**Work required**
Locate every line in the records below that contains the word "shift", and copy each one.

━━ Records shown

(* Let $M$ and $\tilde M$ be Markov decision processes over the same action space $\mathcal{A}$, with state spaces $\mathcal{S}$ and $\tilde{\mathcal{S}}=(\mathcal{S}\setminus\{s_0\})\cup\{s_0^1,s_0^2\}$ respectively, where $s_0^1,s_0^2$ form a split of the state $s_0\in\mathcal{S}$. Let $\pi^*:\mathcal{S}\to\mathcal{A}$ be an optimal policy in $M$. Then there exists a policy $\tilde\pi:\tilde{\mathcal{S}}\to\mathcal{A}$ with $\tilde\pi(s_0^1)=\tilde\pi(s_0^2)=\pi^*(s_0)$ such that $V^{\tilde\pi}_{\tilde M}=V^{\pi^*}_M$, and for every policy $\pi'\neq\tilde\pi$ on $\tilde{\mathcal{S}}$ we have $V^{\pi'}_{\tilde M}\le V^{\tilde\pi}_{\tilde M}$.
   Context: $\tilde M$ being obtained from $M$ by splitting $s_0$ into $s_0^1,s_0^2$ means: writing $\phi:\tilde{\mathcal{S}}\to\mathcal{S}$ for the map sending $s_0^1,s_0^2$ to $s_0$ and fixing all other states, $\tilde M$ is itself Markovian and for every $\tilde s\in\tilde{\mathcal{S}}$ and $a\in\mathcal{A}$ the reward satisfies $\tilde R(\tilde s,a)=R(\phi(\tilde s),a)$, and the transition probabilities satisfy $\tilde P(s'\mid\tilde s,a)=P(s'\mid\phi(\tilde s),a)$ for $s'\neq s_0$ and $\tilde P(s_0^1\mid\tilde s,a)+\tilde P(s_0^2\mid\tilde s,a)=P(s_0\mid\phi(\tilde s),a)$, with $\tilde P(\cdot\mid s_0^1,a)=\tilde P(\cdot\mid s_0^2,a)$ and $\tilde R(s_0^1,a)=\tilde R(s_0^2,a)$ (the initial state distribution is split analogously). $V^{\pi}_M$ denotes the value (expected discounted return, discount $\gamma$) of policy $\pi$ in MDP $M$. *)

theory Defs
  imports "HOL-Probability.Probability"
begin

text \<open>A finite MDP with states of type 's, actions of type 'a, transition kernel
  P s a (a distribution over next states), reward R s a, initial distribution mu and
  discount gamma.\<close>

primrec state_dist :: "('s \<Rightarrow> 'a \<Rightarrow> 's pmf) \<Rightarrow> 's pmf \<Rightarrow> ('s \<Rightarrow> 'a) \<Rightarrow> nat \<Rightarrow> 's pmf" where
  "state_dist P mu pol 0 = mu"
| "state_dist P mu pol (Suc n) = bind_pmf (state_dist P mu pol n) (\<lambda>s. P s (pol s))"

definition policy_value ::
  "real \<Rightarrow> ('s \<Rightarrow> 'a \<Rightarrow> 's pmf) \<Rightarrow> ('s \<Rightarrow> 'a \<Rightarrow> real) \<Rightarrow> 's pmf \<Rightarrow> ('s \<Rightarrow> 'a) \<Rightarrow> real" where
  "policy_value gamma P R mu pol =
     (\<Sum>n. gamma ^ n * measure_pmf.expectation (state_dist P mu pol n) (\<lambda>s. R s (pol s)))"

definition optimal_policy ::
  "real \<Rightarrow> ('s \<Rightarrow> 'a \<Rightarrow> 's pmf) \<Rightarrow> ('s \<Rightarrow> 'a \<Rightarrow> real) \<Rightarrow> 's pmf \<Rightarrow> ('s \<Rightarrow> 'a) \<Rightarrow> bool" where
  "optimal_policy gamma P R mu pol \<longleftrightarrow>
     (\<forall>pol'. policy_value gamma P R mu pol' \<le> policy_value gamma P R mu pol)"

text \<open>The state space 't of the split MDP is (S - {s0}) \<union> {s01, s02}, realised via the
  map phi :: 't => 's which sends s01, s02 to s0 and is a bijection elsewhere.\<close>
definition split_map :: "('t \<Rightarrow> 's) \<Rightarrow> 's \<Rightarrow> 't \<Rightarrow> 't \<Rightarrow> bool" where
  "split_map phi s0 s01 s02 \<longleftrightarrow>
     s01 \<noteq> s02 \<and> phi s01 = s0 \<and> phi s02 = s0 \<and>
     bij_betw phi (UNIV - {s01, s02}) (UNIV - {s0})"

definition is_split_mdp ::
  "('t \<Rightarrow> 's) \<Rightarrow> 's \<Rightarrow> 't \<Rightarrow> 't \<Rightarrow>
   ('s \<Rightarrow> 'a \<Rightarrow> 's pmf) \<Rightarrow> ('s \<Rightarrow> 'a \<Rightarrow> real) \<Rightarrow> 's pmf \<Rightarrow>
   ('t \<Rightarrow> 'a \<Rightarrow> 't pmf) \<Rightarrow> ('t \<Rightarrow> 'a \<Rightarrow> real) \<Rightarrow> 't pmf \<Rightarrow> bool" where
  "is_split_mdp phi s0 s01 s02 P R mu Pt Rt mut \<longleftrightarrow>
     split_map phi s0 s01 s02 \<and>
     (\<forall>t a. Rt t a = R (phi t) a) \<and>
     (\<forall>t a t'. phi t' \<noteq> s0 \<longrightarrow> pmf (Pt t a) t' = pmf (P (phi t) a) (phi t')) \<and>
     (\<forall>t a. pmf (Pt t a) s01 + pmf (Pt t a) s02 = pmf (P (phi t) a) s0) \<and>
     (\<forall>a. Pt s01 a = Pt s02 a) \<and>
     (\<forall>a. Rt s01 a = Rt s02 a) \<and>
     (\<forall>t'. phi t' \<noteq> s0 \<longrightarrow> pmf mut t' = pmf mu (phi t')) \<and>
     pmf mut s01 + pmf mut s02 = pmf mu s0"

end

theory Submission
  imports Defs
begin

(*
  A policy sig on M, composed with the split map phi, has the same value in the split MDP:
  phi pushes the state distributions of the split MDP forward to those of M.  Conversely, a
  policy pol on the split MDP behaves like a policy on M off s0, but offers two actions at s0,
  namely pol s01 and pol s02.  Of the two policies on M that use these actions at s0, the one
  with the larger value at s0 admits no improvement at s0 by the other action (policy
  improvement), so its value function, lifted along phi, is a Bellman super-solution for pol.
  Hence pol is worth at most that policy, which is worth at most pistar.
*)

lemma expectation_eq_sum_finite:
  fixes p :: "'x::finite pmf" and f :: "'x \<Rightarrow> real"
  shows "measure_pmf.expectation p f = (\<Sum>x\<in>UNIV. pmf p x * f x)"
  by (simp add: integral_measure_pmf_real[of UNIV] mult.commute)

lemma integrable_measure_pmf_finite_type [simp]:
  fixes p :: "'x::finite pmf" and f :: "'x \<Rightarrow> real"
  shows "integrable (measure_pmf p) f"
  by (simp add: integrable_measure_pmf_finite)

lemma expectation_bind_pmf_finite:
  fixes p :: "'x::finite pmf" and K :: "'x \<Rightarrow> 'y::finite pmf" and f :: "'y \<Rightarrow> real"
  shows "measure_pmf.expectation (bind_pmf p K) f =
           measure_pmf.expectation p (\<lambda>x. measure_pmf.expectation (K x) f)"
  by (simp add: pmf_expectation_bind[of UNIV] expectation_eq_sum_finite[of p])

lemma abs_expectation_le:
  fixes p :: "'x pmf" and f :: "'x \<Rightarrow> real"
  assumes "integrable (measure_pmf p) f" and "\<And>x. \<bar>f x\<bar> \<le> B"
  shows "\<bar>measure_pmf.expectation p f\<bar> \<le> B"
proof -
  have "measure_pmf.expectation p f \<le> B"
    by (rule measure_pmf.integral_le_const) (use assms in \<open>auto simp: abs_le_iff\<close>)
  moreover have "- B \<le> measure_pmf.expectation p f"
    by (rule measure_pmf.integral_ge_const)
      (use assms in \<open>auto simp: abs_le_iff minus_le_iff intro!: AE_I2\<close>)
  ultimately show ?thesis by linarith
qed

━━━━
━━ Records shown

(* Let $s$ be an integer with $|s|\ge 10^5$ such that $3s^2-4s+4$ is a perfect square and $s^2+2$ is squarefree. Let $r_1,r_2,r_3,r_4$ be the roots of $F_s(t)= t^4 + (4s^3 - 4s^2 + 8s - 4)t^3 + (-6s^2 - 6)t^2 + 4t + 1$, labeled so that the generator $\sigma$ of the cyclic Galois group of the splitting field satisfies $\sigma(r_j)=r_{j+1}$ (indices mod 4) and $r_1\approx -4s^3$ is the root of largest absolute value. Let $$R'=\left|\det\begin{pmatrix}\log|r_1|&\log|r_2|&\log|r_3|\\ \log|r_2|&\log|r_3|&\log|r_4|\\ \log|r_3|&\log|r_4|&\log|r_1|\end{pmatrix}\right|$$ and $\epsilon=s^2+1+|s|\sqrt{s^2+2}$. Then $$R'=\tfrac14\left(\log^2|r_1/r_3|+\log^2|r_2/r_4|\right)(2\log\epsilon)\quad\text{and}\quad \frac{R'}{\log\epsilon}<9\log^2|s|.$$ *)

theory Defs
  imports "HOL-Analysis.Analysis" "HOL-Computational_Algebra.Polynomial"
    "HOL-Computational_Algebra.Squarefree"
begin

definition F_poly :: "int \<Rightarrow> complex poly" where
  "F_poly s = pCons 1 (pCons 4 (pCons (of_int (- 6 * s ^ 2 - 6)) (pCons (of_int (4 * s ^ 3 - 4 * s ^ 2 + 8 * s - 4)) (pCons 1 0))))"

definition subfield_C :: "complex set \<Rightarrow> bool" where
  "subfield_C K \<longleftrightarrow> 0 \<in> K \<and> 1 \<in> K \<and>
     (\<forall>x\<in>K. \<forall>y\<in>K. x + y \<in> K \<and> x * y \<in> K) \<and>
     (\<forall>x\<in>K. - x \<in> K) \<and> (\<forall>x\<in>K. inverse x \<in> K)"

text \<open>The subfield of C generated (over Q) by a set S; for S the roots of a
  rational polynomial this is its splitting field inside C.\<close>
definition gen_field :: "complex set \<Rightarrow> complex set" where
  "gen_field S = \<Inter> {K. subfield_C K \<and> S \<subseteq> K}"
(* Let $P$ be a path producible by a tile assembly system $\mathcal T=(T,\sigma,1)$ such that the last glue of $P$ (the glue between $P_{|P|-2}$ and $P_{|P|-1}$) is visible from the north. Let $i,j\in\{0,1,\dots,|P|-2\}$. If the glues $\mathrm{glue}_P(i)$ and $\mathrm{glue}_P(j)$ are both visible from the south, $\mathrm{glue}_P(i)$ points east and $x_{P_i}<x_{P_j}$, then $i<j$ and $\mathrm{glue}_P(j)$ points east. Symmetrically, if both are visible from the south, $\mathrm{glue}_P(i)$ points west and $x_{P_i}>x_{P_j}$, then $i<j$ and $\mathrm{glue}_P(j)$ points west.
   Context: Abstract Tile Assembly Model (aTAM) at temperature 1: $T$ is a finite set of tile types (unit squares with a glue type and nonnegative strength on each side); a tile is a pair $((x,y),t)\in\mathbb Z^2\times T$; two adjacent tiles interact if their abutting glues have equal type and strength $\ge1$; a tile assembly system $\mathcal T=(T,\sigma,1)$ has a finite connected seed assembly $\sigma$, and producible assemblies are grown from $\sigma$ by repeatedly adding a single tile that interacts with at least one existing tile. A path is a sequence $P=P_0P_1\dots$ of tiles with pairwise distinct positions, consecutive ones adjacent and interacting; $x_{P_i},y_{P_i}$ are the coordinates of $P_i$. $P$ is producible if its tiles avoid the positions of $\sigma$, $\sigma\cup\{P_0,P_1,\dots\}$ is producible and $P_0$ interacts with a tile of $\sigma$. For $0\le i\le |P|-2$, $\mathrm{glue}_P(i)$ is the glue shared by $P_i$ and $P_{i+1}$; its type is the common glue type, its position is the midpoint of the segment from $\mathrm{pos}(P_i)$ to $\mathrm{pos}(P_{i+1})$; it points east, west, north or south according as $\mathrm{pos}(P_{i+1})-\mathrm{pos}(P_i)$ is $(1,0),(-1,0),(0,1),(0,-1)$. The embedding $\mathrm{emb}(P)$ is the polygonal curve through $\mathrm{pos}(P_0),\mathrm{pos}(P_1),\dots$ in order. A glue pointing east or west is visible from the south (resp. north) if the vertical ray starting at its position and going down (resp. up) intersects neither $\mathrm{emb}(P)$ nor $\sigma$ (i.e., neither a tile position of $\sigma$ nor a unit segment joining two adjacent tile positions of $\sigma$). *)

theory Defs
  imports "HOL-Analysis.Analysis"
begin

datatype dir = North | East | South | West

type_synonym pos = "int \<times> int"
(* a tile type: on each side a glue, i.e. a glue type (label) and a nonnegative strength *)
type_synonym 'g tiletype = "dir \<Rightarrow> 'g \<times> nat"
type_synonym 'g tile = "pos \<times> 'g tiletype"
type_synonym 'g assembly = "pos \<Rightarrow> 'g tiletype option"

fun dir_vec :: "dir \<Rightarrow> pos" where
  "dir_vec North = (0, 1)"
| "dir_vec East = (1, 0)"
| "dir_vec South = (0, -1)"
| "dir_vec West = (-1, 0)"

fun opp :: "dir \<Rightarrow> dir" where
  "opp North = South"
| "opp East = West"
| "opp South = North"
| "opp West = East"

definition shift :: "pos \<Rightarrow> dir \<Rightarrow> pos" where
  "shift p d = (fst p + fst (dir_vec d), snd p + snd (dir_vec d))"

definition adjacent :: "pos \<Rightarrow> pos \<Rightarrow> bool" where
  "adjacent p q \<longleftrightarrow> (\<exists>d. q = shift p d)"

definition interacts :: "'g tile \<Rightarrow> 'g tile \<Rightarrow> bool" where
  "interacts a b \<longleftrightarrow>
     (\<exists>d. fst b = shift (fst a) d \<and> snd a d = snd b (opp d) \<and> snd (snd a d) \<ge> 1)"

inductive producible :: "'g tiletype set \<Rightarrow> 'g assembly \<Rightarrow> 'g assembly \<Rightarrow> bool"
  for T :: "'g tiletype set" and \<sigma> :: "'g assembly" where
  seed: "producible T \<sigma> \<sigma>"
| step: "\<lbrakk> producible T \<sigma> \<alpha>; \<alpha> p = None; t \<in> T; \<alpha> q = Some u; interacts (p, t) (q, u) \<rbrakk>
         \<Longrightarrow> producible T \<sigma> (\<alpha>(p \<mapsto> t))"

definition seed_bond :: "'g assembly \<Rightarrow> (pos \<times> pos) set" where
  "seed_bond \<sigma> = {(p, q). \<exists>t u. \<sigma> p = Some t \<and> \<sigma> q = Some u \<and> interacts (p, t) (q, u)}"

━━━━
━━ Records shown

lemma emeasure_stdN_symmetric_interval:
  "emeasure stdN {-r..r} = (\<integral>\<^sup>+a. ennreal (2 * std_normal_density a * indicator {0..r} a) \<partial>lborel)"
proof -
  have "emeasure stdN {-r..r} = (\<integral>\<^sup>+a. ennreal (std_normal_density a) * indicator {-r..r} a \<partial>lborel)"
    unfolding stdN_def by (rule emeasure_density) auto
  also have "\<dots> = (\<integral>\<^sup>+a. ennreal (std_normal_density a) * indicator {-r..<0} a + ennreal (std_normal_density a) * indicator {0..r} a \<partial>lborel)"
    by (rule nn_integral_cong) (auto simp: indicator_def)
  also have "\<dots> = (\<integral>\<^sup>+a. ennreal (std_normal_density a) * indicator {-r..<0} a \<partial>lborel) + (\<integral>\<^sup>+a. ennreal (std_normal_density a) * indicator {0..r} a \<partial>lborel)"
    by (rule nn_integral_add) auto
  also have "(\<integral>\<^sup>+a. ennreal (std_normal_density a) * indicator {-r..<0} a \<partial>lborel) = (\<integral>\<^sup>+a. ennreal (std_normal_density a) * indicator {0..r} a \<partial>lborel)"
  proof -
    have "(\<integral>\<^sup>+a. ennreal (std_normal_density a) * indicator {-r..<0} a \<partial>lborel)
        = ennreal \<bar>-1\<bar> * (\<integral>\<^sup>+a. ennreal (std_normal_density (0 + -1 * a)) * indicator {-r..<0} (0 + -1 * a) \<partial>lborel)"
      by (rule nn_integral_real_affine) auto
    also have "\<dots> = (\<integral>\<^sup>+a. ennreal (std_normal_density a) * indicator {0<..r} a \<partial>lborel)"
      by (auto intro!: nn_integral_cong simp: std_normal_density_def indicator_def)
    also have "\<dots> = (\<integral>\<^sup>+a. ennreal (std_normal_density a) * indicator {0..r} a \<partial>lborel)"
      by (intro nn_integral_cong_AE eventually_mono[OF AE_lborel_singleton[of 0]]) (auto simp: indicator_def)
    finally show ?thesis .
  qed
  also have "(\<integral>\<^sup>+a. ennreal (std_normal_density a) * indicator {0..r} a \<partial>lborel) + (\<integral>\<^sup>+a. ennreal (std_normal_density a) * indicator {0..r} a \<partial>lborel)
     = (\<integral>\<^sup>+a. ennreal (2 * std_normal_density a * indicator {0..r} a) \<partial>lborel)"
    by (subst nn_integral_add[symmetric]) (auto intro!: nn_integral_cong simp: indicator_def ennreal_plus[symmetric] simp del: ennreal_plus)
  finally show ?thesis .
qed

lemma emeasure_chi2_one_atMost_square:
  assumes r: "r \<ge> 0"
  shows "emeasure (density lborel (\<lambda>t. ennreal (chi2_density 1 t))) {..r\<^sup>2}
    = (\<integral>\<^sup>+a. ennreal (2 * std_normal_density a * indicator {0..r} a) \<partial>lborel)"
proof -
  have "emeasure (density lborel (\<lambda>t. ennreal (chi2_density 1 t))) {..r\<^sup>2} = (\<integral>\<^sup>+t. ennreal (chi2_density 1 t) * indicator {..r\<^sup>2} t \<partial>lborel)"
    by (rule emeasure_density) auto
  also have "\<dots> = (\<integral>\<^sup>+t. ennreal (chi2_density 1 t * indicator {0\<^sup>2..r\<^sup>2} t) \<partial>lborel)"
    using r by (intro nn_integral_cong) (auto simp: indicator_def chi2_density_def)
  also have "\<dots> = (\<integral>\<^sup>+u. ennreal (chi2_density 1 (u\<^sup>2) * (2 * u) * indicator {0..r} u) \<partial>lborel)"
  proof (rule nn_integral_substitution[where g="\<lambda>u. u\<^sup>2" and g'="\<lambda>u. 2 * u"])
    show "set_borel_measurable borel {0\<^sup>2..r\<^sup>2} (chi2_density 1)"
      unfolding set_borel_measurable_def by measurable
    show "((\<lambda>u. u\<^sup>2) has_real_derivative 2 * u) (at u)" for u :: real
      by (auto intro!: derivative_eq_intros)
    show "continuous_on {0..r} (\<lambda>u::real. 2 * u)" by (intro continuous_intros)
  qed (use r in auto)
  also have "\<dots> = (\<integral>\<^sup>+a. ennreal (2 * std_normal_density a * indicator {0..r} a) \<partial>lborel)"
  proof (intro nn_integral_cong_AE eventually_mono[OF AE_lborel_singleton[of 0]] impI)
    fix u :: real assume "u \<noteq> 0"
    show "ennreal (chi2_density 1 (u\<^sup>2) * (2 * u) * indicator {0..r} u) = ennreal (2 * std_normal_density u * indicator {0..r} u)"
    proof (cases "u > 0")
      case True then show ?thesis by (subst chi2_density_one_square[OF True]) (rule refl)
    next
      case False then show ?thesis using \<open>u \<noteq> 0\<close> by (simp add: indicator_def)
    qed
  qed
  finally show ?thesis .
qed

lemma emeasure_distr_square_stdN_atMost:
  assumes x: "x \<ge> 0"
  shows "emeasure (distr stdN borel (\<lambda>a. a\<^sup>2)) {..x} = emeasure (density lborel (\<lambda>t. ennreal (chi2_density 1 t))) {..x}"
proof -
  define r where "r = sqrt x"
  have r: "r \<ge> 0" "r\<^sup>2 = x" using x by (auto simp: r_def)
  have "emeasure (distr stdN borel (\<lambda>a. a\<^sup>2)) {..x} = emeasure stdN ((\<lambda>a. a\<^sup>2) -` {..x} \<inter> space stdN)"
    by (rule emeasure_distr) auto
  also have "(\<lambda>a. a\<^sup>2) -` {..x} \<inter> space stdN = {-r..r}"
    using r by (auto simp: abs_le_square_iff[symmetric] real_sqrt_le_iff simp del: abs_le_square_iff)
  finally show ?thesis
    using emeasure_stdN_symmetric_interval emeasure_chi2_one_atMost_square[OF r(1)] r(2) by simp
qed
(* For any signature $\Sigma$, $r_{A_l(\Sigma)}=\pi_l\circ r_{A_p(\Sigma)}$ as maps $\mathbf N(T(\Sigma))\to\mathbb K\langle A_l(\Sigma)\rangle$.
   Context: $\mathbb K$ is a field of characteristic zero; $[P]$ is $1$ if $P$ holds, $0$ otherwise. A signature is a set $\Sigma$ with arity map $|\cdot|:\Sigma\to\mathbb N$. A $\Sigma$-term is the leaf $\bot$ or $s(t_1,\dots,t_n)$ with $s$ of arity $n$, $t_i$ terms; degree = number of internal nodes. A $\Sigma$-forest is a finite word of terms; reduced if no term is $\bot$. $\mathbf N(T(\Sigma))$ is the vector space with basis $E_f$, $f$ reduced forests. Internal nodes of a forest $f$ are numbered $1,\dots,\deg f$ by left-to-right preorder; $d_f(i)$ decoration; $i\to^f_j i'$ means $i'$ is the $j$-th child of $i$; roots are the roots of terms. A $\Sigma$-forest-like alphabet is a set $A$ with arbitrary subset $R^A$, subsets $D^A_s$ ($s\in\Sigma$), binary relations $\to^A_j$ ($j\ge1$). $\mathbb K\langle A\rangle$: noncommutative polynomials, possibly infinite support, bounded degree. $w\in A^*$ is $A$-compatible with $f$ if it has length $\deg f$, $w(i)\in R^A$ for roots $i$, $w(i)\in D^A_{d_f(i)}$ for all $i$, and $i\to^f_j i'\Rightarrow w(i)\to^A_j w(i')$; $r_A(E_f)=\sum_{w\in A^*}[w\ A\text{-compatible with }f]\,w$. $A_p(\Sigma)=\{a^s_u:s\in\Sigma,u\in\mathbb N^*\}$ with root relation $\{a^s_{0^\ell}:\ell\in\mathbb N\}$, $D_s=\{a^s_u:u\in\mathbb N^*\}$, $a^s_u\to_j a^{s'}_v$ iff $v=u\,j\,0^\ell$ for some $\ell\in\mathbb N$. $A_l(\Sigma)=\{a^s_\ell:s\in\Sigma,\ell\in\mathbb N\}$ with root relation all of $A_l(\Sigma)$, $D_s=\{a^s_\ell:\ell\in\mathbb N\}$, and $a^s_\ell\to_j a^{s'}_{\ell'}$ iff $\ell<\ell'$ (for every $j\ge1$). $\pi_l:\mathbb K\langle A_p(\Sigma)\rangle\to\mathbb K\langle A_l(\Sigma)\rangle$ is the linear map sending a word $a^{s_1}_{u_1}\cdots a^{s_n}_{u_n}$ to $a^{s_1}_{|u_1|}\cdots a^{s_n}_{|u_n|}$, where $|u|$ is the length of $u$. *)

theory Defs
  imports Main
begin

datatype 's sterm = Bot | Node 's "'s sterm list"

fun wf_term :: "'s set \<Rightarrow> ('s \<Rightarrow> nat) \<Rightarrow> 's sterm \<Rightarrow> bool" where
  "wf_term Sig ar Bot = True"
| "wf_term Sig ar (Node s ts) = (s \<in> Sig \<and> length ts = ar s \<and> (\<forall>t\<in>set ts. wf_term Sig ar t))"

━━━━

**Solution to this exercise**
definition shift :: "pos \<Rightarrow> dir \<Rightarrow> pos" where
  "shift p d = (fst p + fst (dir_vec d), snd p + snd (dir_vec d))"
  "adjacent p q \<longleftrightarrow> (\<exists>d. q = shift p d)"
     (\<exists>d. fst b = shift (fst a) d \<and> snd a d = snd b (opp d) \<and> snd (snd a d) \<ge> 1)"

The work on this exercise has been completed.